McCarthy found that the pandemic and working from home meant she had shifted her consumer habits to online purchasing.

“We got to the stage as a family where there seemed to be boxes arriving at our door every second day. We hadn’t really moved away from that by the end of 2023,” she said.

By now trying to limit her purchases, McCarthy said she is becoming more aware of her buying habits more generally.

“That cascades across my whole life then, from clothes to food waste,” she said.

POLICY: Accelerate massive scale out of district heating

While still a relatively unknown concept in Ireland, district heating has been a feature of many European countries for many years.

In simple terms, it is the use of a central heating source to deliver heated water to multiple buildings through insulated pipes. It is a more efficient way of delivering heat, meaning it uses less energy to reach the same ends. But it is also possible for the central sources to either be from excess waste heat from the likes of data centres, or decarbonised heat sources like biomass boilers.

Following years of stagnation, McCarthy wants to see district heating finally take off in Ireland.

“Heat has been the forgotten element of the energy movement,” she said.

In a 2022 study produced by the SEAI, district heating was shown to be a key technology to meet our climate targets.

“It identified that district heating could meet up to 50 per cent of our building heat needs, which is huge potential. That wasn’t only the big cities, but larger scale towns too,” she said.

“What the heat study did showed the potential at a national level and that we are actually a viable market for district heating similar to our Scandinavian and Nordic neighbours that have raced ahead of us.”

Plans for legislation around district heating are being formulated this year, and McCarthy hopes more projects like the pilots in Tallaght and Poolbeg in Dublin will be rolled out shortly.

PERSONAL: Tune in to opposing opinions but stay optimistic

McCarthy finds it difficult to deal with the opposition to climate action.

Ranging from out right climate change denialism, to disagreements over which technologies should be used, McCarthy has had to learn to listen without becoming frustrated.

“One of the things I would say is don’t go into a room expecting people to move to your opinion, make sure you listen,” she said.

“Last year conversations on social media turned so ugly, and many advocates who we so badly need to speak out were being dragged down. That really got to me and I decided to turn off a lot of those channels. But then you are in an echo chamber…That is not helpful when you are trying to instigate change.”

McCarthy thinks that some of the pushback on climate action is simply a symptom of its success.

“The really hard opposition is quite small.
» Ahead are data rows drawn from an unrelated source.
section \<open>The arc between two crossings of the line\<close>

text \<open>The value of Th where the distance L is reached, as a function of e (see Th_s1).\<close>

definition sweep_angle :: "real \<Rightarrow> real \<Rightarrow> real \<Rightarrow> real \<Rightarrow> real" where
  "sweep_angle a \<beta> L e =
     2 * sqrt (a * (e\<^sup>2 - 1) + 2 * \<beta>) / sqrt (a * (e\<^sup>2 - 1))
       * arctan (sqrt ((e + 1) / (e - 1)) * sqrt ((1 + L / a - e) / (1 + L / a + e)))"

lemma continuous_on_sweep_angle:
  assumes "a > 0" "L \<ge> 0"
  shows "continuous_on {1<..} (sweep_angle a \<beta> L)"
  unfolding sweep_angle_def[abs_def]
proof (intro continuous_intros ballI)
  fix x :: real assume "x \<in> {1<..}"
  then have "x > 1" by simp
  then have "a * (x\<^sup>2 - 1) > 0"
    using assms less_1_mult[of x x] by (simp add: power2_eq_square)
  from real_sqrt_gt_zero[OF this] show "sqrt (a * (x\<^sup>2 - 1)) \<noteq> 0" by linarith
  show "x - 1 \<noteq> 0" using \<open>x > 1\<close> by simp
  have "L / a \<ge> 0" using assms by simp
  then show "1 + L / a + x \<noteq> 0" using \<open>x > 1\<close> by linarith
qed

lemma sweep_angle_ge_pi:
  assumes a: "a > 0" and "e > 1" and e_sq: "e\<^sup>2 \<le> 1 + L / a" "e\<^sup>2 \<le> 1 + 2 * \<beta> / (3 * a)"
  shows "sweep_angle a \<beta> L e \<ge> pi"
proof -
  define C where "C = 1 + L / a"
  have "e\<^sup>2 \<le> C" using e_sq(1) by (simp add: C_def)
  define X where "X = a * (e\<^sup>2 - 1)"
  have "X > 0" unfolding X_def using a \<open>e > 1\<close> by simp
  have "3 * X \<le> 2 * \<beta>" unfolding X_def using e_sq(2) a by (simp add: field_simps)
  then have "sqrt (4 * X) \<le> sqrt (X + 2 * \<beta>)" by simp
  then have "2 * sqrt X \<le> sqrt (X + 2 * \<beta>)" by (simp add: real_sqrt_mult)
  then have ratio: "2 \<le> sqrt (X + 2 * \<beta>) / sqrt X" using \<open>X > 0\<close> by (simp add: field_simps)
  have "(e - 1) * (C + e) \<le> (e + 1) * (C - e)"
    using \<open>e\<^sup>2 \<le> C\<close> by (simp add: algebra_simps power2_eq_square)
  moreover have "(e - 1) * (C + e) > 0"
    using \<open>e > 1\<close> \<open>e\<^sup>2 \<le> C\<close> zero_le_power2[of e] by (intro mult_pos_pos) linarith+
  ultimately have "1 \<le> ((e + 1) / (e - 1)) * ((C - e) / (C + e))"
    by (simp add: le_divide_eq_1_pos times_divide_times_eq)
  then have "1 \<le> sqrt ((e + 1) / (e - 1)) * sqrt ((C - e) / (C + e))"
    by (metis real_sqrt_le_mono real_sqrt_mult real_sqrt_one)
  then have angle: "pi / 4 \<le> arctan (sqrt ((e + 1) / (e - 1)) * sqrt ((C - e) / (C + e)))"
    by (metis arctan_le_iff arctan_one)
  have "pi = 2 * (2 * (pi / 4))" by simp
  also have "\<dots> \<le> 2 * (sqrt (X + 2 * \<beta>) / sqrt X
      * arctan (sqrt ((e + 1) / (e - 1)) * sqrt ((C - e) / (C + e))))"
    using ratio angle by (intro mult_left_mono mult_mono) auto
  finally show ?thesis unfolding sweep_angle_def X_def C_def by simp
qed

lemma sweep_angle_eq_pi_solvable:
  assumes a: "a > 0" and L: "L > 0" and \<beta>: "\<beta> > 0"
  shows "\<exists>e. 1 < e \<and> a * (e - 1) < L \<and> sweep_angle a \<beta> L e = pi"
proof -
  txt \<open>At e = 1 + L / a the pericentre is at distance L and nothing is swept.\<close>
  define C where "C = 1 + L / a"
  define e0 where "e0 = sqrt (min C (1 + 2 * \<beta> / (3 * a)))"
  have "C > 1" using a L by (simp add: C_def)
  then have "min C (1 + 2 * \<beta> / (3 * a)) > 1" using a \<beta> by simp
  then have "e0 > 1" and e0_sq: "e0\<^sup>2 \<le> C" "e0\<^sup>2 \<le> 1 + 2 * \<beta> / (3 * a)"
    unfolding e0_def by auto
  moreover have "e0 < e0\<^sup>2" using \<open>e0 > 1\<close> by (simp add: power2_eq_square)
  ultimately have "e0 < C" by linarith
  have "continuous_on {e0..C} (sweep_angle a \<beta> L)"
    using continuous_on_sweep_angle[of a L \<beta>] a L \<open>e0 > 1\<close>
    by (auto elim!: continuous_on_subset)
  moreover have "sweep_angle a \<beta> L C = 0" by (simp add: sweep_angle_def C_def)
  moreover have "sweep_angle a \<beta> L e0 \<ge> pi"
    using sweep_angle_ge_pi a \<open>e0 > 1\<close> e0_sq unfolding C_def by blast
  ultimately obtain e where "e0 \<le> e" "e \<le> C" "sweep_angle a \<beta> L e = pi"
    using IVT2'[of "sweep_angle a \<beta> L" C pi e0] \<open>e0 < C\<close> by force
  moreover have "e \<noteq> C" using \<open>sweep_angle a \<beta> L C = 0\<close> \<open>sweep_angle a \<beta> L e = pi\<close> by auto
  ultimately show ?thesis
    using \<open>e0 > 1\<close> a by (intro exI[of _ e]) (auto simp: C_def field_simps)
qed

locale hyperbolic_arc = hyperbolic_orbit +
  fixes L :: real
  assumes L_gt: "a * (e - 1) < L" and sweep_angle_eq_pi: "sweep_angle a \<beta> L e = pi"
begin

definition s1 :: real where "s1 = arcosh ((1 + L / a) / e)"

lemma arcosh_arg_gt_1: "(1 + L / a) / e > 1"
  using L_gt a_pos e_gt_1 by (simp add: field_simps)

lemma cosh_s1: "cosh s1 = (1 + L / a) / e"
  unfolding s1_def using arcosh_arg_gt_1 by simp

lemma s1_pos: "s1 > 0"
  unfolding s1_def using arcosh_arg_gt_1 arcosh_real_gt_1_iff by force

lemma R_s1: "R s1 = L"
  unfolding R_def cosh_s1 using a_pos e_gt_1 by simp

lemma Th_s1: "Th s1 = pi"
proof -
  define C where "C = 1 + L / a"
  define x where "x = C / e"
  have "x > 1" using arcosh_arg_gt_1 by (simp add: x_def C_def)
  have "sinh s1 = sqrt (x\<^sup>2 - 1)"
    unfolding s1_def C_def[symmetric] x_def[symmetric] using \<open>x > 1\<close> by (simp add: sinh_arcosh_real)
  then have "sinh s1 / (cosh s1 + 1) = sqrt ((x\<^sup>2 - 1) / (x + 1)\<^sup>2)"
    using \<open>x > 1\<close> unfolding cosh_s1 C_def[symmetric] x_def[symmetric] by (simp add: real_sqrt_divide)
  also have "(x\<^sup>2 - 1) / (x + 1)\<^sup>2 = ((x - 1) * (x + 1)) / ((x + 1) * (x + 1))"
    by (simp add: power2_eq_square algebra_simps)
  also have "\<dots> = (x - 1) / (x + 1)"
    using \<open>x > 1\<close> by simp
  also have "\<dots> = (e * (x - 1)) / (e * (x + 1))"
    using e_gt_1 by simp
  also have "\<dots> = (C - e) / (C + e)"
    using e_gt_1 unfolding x_def by (simp add: algebra_simps)
  finally have "Th s1 = sweep_angle a \<beta> L e"
    unfolding Th_def sweep_angle_def c_def C_def by simp
  then show ?thesis using sweep_angle_eq_pi by simp
qed

lemma R_less_L:
  assumes "\<bar>s\<bar> < s1"
  shows "R s < L"
proof -
  have "cosh \<bar>s\<bar> < cosh s1"
    using cosh_real_nonneg_less_iff[of "\<bar>s\<bar>" s1] assms s1_pos by simp
  then have "R s < R s1"
    unfolding R_def using a_pos e_gt_1 by simp
  then show ?thesis unfolding R_s1 .
qed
We give a lot of volume to a small section of our society, national attitude surveys show the vast majority of people have bought into this and are supportive,” she said.
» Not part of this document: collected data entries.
(* Let $n\ge 3$, $0<m<\frac{n-2}{n}$, $m\ne\frac{n-2}{n+2}$, $\lambda>0$, $\beta>0$. Let $v$ be the radially symmetric solution described in the context, $w(s)=r^2v(r)^{1-m}$ with $s=\log r$, $h(s)=w(s)-\frac{2(n-1)(n-2-nm)}{(1-m)\beta}s$, and \[ h_1(s)=h(s)+\frac{(n-1)[n-2-(n+2)m]}{(1-m)\beta}\log s . \] Then \[ \lim_{s\to\infty}\frac{s^2h_{1,s}(s)}{\log s}=-\frac{(n-1)(n-2-(n+2)m)^2}{2(n-2-nm)(1-m)\beta}. \]
   Context: $v=v(r)$, $r=|x|$, is the unique radially symmetric positive classical solution of $\frac{n-1}{m}\Delta v^m+\frac{2\beta}{1-m}v+\beta x\cdot\nabla v=0$ in $\mathbb{R}^n$ with $v(0)=\lambda$. $h_{1,s}$ denotes the derivative of $h_1$ in $s$. *)

theory Defs
  imports "HOL-Analysis.Analysis"
begin

definition pdiff :: "'n::finite \<Rightarrow> (real^'n \<Rightarrow> real) \<Rightarrow> real^'n \<Rightarrow> real" where
  "pdiff i f x = deriv (\<lambda>t. f (x + t *\<^sub>R axis i 1)) 0"

definition C1_Rn :: "(real^'n::finite \<Rightarrow> real) \<Rightarrow> bool" where
  "C1_Rn f \<longleftrightarrow> (\<forall>i x. (\<lambda>t. f (x + t *\<^sub>R axis i 1)) differentiable (at 0))
               \<and> (\<forall>i. continuous_on UNIV (pdiff i f))"
lemma four_point_Tv:
  assumes "v = Tv i"
  shows "\<exists>y\<in>V. pos y < pos x \<and> adj y v \<and> \<not> adj y w"
proof -
  from assms in_V order obtain i' where "w = Tv i'" "clause_rank i < clause_rank i'"
    by (cases w) (auto simp: pos_def split: if_splits dest: clause_rank(1))
  moreover from this adjacency have "x = Av i' \<or> x = Cv i'"
    by (cases x) auto
  ultimately show ?thesis
    using assms in_V by (intro bexI[of _ "Cv i"]) (auto simp: pos_def)
qed

lemma four_point: "\<exists>y\<in>V. pos y < pos x \<and> adj y v \<and> \<not> adj y w"
proof (cases v)
  case Rv
  then show ?thesis using order by (simp add: pos_def)
next
  case Pv
  then show ?thesis using order adjacency in_V by (cases x) (auto simp: pos_def)
next
  case Qv
  then show ?thesis using order adjacency in_V by (cases x) (auto simp: pos_def split: if_splits)
next
  case Uv
  then show ?thesis using order adjacency in_V
    by (cases x; cases w) (auto simp: pos_def split: if_splits dest: clause_rank(1))
qed (fact four_point_Lit four_point_Cv four_point_Av four_point_Tv)+

end

lemma tree_parent_leftmost:
  assumes "v \<in> V" "v \<noteq> Rv"
  shows "tree_parent v \<in> V \<and> adj (tree_parent v) v \<and> (\<forall>u\<in>V. adj u v \<longrightarrow> pos (tree_parent v) \<le> pos u)"
proof (cases v)
  case (Tv i)
  have "pos (Cv i) \<le> pos u" if "adj u v" for u
    using that Tv by (cases u) (auto simp: pos_def)
  with Tv assms show ?thesis by auto
next
  case Uv
  then show ?thesis
    using assms pos_eq_0_iff by (fastforce simp: pos_def)
qed (use assms in \<open>auto simp: pos_def\<close>)

theorem is_lbfs_vs: "is_lbfs V adj vs"
proof (rule is_lbfs_if_four_point[OF distinct_vs set_vs])
  show "vs \<noteq> []" by (simp add: vs_def prefix_def)
next
  fix a b c
  assume "a < b" "b < c" "c < length vs" "adj (vs ! a) (vs ! c)" "\<not> adj (vs ! a) (vs ! b)"
  with pos_nth[of a] pos_nth[of b] pos_nth[of c]
  obtain y where "y \<in> V" "pos y < a" "adj y (vs ! b)" "\<not> adj y (vs ! c)"
    using four_point[of "vs ! b" "vs ! c" "vs ! a"] by auto
  with nth_pos[of y] show "\<exists>d<a. adj (vs ! d) (vs ! b) \<and> \<not> adj (vs ! d) (vs ! c)"
    by (intro exI[of _ "pos y"]) auto
qed

lemma leftmost_neighbour_is_tree_parent:
  assumes "0 < j" "j < length vs"
  shows "\<exists>i<length vs. vs ! i = tree_parent (vs ! j) \<and> adj (vs ! i) (vs ! j) \<and>
    (\<forall>i'<i. \<not> adj (vs ! i') (vs ! j))"
proof -
  have v: "vs ! j \<in> V" "pos (vs ! j) = j" using pos_nth[OF assms(2)] by auto
  with assms(1) have "vs ! j \<noteq> Rv" by (auto simp: pos_def)
  with v(1) have parent: "tree_parent (vs ! j) \<in> V" "adj (tree_parent (vs ! j)) (vs ! j)"
    "\<forall>u\<in>V. adj u (vs ! j) \<longrightarrow> pos (tree_parent (vs ! j)) \<le> pos u"
    using tree_parent_leftmost by blast+
  have "\<not> adj (vs ! i) (vs ! j)" if "i < pos (tree_parent (vs ! j))" for i
  proof
    assume "adj (vs ! i) (vs ! j)"
    moreover have "i < length vs"
      using that nth_pos[OF parent(1)] by linarith
    ultimately show False
      using that parent(3) pos_nth[of i] by fastforce
  qed
  with parent(1,2) nth_pos[OF parent(1)] show ?thesis
    by (intro exI[of _ "pos (tree_parent (vs ! j))"]) auto
qed
lemma ennreal_local_integral:
  assumes "bounded_kernel B \<phi>"
  shows "ennreal (local_integral c \<phi> t) = (\<integral>\<^sup>+u. indicator {0..<c} u * ennreal (\<phi> (t - u)) \<partial>lborel)"
proof -
  have "ennreal (local_integral c \<phi> t) = (\<integral>\<^sup>+u. ennreal (indicator {0..<c} u * \<phi> (t - u)) \<partial>lborel)"
    unfolding local_integral_def using bounded_kernelD(2)[OF assms]
    by (intro nn_integral_eq_integral[symmetric] integrable_local_integral[OF assms]) auto
  also have "\<dots> = (\<integral>\<^sup>+u. indicator {0..<c} u * ennreal (\<phi> (t - u)) \<partial>lborel)"
    by (intro nn_integral_cong) (simp split: split_indicator)
  finally show ?thesis .
qed

lemma bounded_kernel_local_integral:
  assumes "bounded_kernel B \<phi>" "0 \<le> c"
  shows "bounded_kernel (c * B) (local_integral c \<phi>)"
proof -
  note \<phi> = bounded_kernelD[OF assms(1)]
  have [measurable]: "\<phi> \<in> borel_measurable borel" by (rule \<phi>(1))
  have "local_integral c \<phi> t \<le> (\<integral>u. B * indicator {0..<c} u \<partial>lborel)" for t
    unfolding local_integral_def
    by (intro integral_mono integrable_local_integral[OF assms(1)] integrable_mult_right
        integrable_real_indicator) (use \<phi>(3) in \<open>auto simp: indicator_def emeasure_lborel_Ico_less_top\<close>)
  then show ?thesis
    unfolding bounded_kernel_def local_integral_def
    using assms(2) \<phi>(2) by (auto intro!: integral_nonneg simp: mult.commute)
qed

lemma tri_eq_local_integral:
  assumes "0 < c"
  shows "tri c = local_integral c (indicator {0..<c})"
proof
  fix t
  have "ennreal (tri c t) = ennreal (local_integral c (indicator {0..<c}) t)"
    using nn_integral_tri[OF assms, of t 0]
    by (simp add: ennreal_local_integral[OF bounded_kernel_indicator])
       (intro nn_integral_cong, auto split: split_indicator)
  then show "tri c t = local_integral c (indicator {0..<c}) t"
    using bounded_kernelD(2)[OF bounded_kernel_local_integral[OF bounded_kernel_indicator]] assms
    by (simp add: tri_nonneg)
qed

section \<open>Subexponential densities\<close>

lemma ennreal_le_diff_of_sum:
  fixes M I :: ennreal and F L U :: real
  assumes sum: "ennreal F = M + 2 * I" and L: "ennreal L \<le> I" and "F \<le> U"
  shows "M \<le> ennreal (U - 2 * L)"
proof -
  have "M \<le> ennreal F" "I \<le> ennreal F"
    using sum by (auto intro: order_trans[OF _ add_increasing2] simp: mult_2)
  then obtain m i where m: "M = ennreal m" "0 \<le> m" and i: "I = ennreal i" "0 \<le> i"
    by (metis ennreal_cases ennreal_less_top top.not_eq_extremum top_unique)
  show ?thesis
  proof (cases "0 \<le> L")
    case True
    then have "L \<le> i" using L i by simp
    moreover have "F = m + 2 * i" if "0 \<le> F"
      using sum m i that by (simp add: ennreal_times_2 ennreal_plus[symmetric] del: ennreal_plus)
    ultimately show ?thesis
    proof (cases "0 \<le> F")
      case False
      then have "M = 0" using sum by (simp add: ennreal_neg)
      then show ?thesis by simp
    qed (use m \<open>F \<le> U\<close> in \<open>auto intro: ennreal_leI\<close>)
  next
    case False
    have "M \<le> ennreal F" by fact
    also have "\<dots> \<le> ennreal (U - 2 * L)" using False \<open>F \<le> U\<close> by (intro ennreal_leI) simp
    finally show ?thesis .
  qed
qed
POLICY: Disentangle fossil fuel subsidies

Ireland subsidises fossil fuels to the tune of €2.9 billion a year and McCarthy said that has to be addressed.

“Some of them are direct like fuel allowances, and others are taxes foregone or incentives,” she said.
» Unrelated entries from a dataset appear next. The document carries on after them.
text \<open>Mirsky's theorem: the level sets of the height are antichains.\<close>
lemma card_le_chain_mult_antichain:
  fixes less :: "'a \<Rightarrow> 'a \<Rightarrow> bool"
  assumes A: "finite A" "transp_on A less" "irreflp_on A less"
    and chain: "\<And>C. C \<subseteq> A \<Longrightarrow> (\<forall>x\<in>C. \<forall>y\<in>C. x \<noteq> y \<longrightarrow> less x y \<or> less y x) \<Longrightarrow> card C \<le> h"
    and antichain: "\<And>C. C \<subseteq> A \<Longrightarrow> (\<forall>x\<in>C. \<forall>y\<in>C. \<not> less x y) \<Longrightarrow> card C \<le> w"
  shows "card A \<le> h * w"
proof -
  obtain height where height_range: "\<And>x. x \<in> A \<Longrightarrow> height x \<in> {1..h}"
    and height_less: "\<And>x y. x \<in> A \<Longrightarrow> y \<in> A \<Longrightarrow> less x y \<Longrightarrow> height x < height y"
    using obtain_height_grading[OF A chain] by metis
  have level_card: "card {x\<in>A. height x = j} \<le> w" for j
  proof (rule antichain)
    show "\<forall>x\<in>{x\<in>A. height x = j}. \<forall>y\<in>{x\<in>A. height x = j}. \<not> less x y"
      using height_less by (metis (mono_tags, lifting) mem_Collect_eq less_irrefl)
  qed blast
  have "A = (\<Union>j\<in>{1..h}. {x\<in>A. height x = j})"
    using height_range by auto
  then have "card A \<le> (\<Sum>j\<in>{1..h}. card {x\<in>A. height x = j})"
    using card_UN_le[of "{1..h}" "\<lambda>j. {x\<in>A. height x = j}"] by simp
  also have "\<dots> \<le> h * w"
    using sum_bounded_above[of "{1..h}" "\<lambda>j. card {x\<in>A. height x = j}" w] level_card by simp
  finally show ?thesis .
qed
(* Let $\mathcal P\subseteq 2^{[n]}$ be a nonempty intersection-closed family. Then $\beta_{1,m}(I^\star_{\mathtt C(\mathcal P)})\neq0$ if and only if $m=m(A,B)$ for some $A,B\in\mathcal P$ with $B$ covering $A$ (i.e. $A<B$ and no $C\in\mathcal P$ satisfies $A<C<B$), in which case it equals $1$. Consequently the minimal generators of the first syzygy module of $I^\star_{\mathtt C(\mathcal P)}$ are in bijection with the cover relations of $\mathcal P$.
   Context: For $n\in\mathbb N$ let $[n]=\{0,\dots,n-1\}$. Fix a field $\Bbbk$, $S=\Bbbk[x_{(i,b)}: i\in[n], b\in\{0,1\}]$ multigraded by monomials; $\beta_{i,m}(M)=\dim_\Bbbk\operatorname{Tor}_i^S(M,\Bbbk)_m$. For $\mathcal P\subseteq 2^{[n]}$ ordered by inclusion, $\mathtt C(\mathcal P)=\{\mathbf 1_A:A\in\mathcal P\}$; intersection-closed means $A,B\in\mathcal P\Rightarrow A\cap B\in\mathcal P$. $I^\star_{\mathtt C}=\langle\prod_{i\in[n]}x_{(i,1-f(i))}: f\in\mathtt C\rangle$. For $A\subseteq B\subseteq[n]$, $m(A,B):=\prod_{i\in A}x_{(i,0)}\prod_{i\notin B}x_{(i,1)}\prod_{i\in B\setminus A}x_{(i,0)}x_{(i,1)}$. *)

theory Defs
  imports Main HOL.Vector_Spaces "HOL-Library.Function_Algebras"
begin

text \<open>Variables of S are x_(i,b) with i < n, b < 2.  A monomial of S is identified
with its exponent vector (nat \<times> nat \<Rightarrow> nat), vanishing outside vars n.\<close>

definition vars :: "nat \<Rightarrow> (nat \<times> nat) set" where
  "vars n = {0..<n} \<times> {0..<2}"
“We have had the G20 and other forums talking about these for a long time but actually we have seen them increase.”

Ireland is ahead in how it reports fossil fuel subsidies, with the department of finance and the department of public expenditure both publishing fossil fuel subsidies and the even wider category of ‘climate harmful spending’.

But as of yet there is no concerted plan to unwind them. The European Commission recently ordered the government to produce a roadmap for phasing out the subsidies.

While McCarthy would support any calls to unwind fossil fuel subsides, she also warned that the government would have to move carefully.

“There as some subsidies that remove hardship for people. That is really important. We all experienced in 2022 and 2023 the Ukraine war energy price surges, and we all received allowances of some sort towards our energy bills,” she said.

“For us to achieve what we have to achieve, we have to move away from fossil fuels.”

McCarthy said the “dearth” of a pathway to remove the subsidies would have to be rectified if our climate goals were to be reached.

“We haven’t yet grasped the nettle,” she said.